Detailed Description

Randomized placebo controlled cross-over study. Each subject will be studied on two separate occasions: (1) Mirtazapine vs. placebo for one week; the participants will be blinded to whether they are taking Mirtazapine or placebo. After the one week treatment a sleep study will be repeated. Mirtazapine will be given at 15 mg dose before bed-time. (2) Cross over medication for one week will be followed by a second sleep study.

Study Timeline

• Study Start: 2017-01
• Primary Completion: 2019-05-18
• Study Completion: 2019-05-18
• Study First Submitted: 2021-03-11
• Study First Submitted QC: 2021-03-11
• Study First Posted: 2021-03-16
• Results First Submitted: 2021-03-18
• Results First Submitted QC: 2021-04-14
• Results First Posted: 2021-04-20
• Status Verified: 2021-05
• Last Update Submitted: 2021-05-21
• Last Update Posted: 2021-06-15

Recruitment & Eligibility

• Status: COMPLETED
• Sex: All
• Target Recruitment: 18

Inclusion Criteria

• Adults with SCI (>6months after spinal cord injury) at the T6 level/above
• Non-injured adults

Exclusion Criteria

• Pregnant and lactating females
• Heart failure, vascular disease, or stroke
• Advanced chronic obstructive pulmonary disease (COPD), liver disease, and chronic kidney disease
• BMI >38 kg/m2
• Mechanical ventilation dependence

Study & Design

• Study Type: INTERVENTIONAL
• Study Design: CROSSOVER

Arm && Interventions

Group	Intervention	Description
Placebo	Placebo	The drug will be taken for a one week peroid.
Mirtazapine	Mirtazapine	The drug will be taken for a one week peroid.

Primary Outcome Measures

Name	Time	Method
CO2 Reserve (Delta-PETCO2-AT)	One Week	Randomized placebo-controlled cross-over study. Each subject was studied on two separate occasions: (1) Mirtazapine vs. placebo for one week; After the one-week treatment a physiological sleep study was performed to determine the CO2 reserve (Delta-PETCO2-AT) and hypocapnic apneic threshold. (2) Cross over medication for one week was followed by a second physiological sleep study to determine the CO2 reserve (Delta-PETCO2-AT) and hypocapnic apneic threshold.
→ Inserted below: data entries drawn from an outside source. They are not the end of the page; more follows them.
lemma antitone_le_iff_less_card:
  fixes a :: "nat \<Rightarrow> 'a::linorder"
  assumes anti: "\<And>k l. k \<le> l \<Longrightarrow> l < n \<Longrightarrow> a l \<le> a k" and k: "k < n"
  shows "t \<le> a k \<longleftrightarrow> k < card {j\<in>{..<n}. t \<le> a j}"
proof
  assume "t \<le> a k"
  then have "{..k} \<subseteq> {j\<in>{..<n}. t \<le> a j}"
    using anti k by (auto intro: order_trans)
  from card_mono[OF _ this] show "k < card {j\<in>{..<n}. t \<le> a j}" by simp
next
  assume less: "k < card {j\<in>{..<n}. t \<le> a j}"
  show "t \<le> a k"
  proof (rule ccontr)
    assume "\<not> t \<le> a k"
    then have "{j\<in>{..<n}. t \<le> a j} \<subseteq> {..<k}"
      using anti by (force simp: not_le)
    from card_mono[OF _ this] show False using less by simp
  qed
qed

lemma sum_of_bool_less: "(\<Sum>k<n. of_bool (k < c) :: real) = real (min n c)"
  by (induction n) (auto simp: min_def)

lemma sum_abs_diff_of_bool_less:
  assumes "c1 \<le> n" "c2 \<le> n"
  shows "(\<Sum>k<n. \<bar>of_bool (k < c1) - of_bool (k < c2) :: real\<bar>) = \<bar>real c1 - real c2\<bar>"
proof -
  have "(\<Sum>k<n. \<bar>of_bool (k < c1) - of_bool (k < c2) :: real\<bar>)
      = (\<Sum>k<n. of_bool (k < max c1 c2) - of_bool (k < min c1 c2) :: real)"
    by (intro sum.cong) auto
  also have "\<dots> = real (max c1 c2) - real (min c1 c2)"
    unfolding sum_subtractf sum_of_bool_less using assms by (simp add: min_def max_def)
  finally show ?thesis by linarith
qed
Secondary Outcome Measures

Name	Time	Method
AHI (Apnea/Hypopnea Index)	One Week	AHI is an index that measures the severity of sleep apnea and is calculated by dividing the total number of apneas and hypopneas by the number of hours of sleep. Randomized placebo-controlled cross-over study. Each subject was studied on two separate occasions: (1) Mirtazapine vs. placebo for one week; After the one-week treatment a polysomnogram (PSG) study was performed to determine the AHI. (2) Cross over medication for one week was followed by a second PSG to determine the AHI.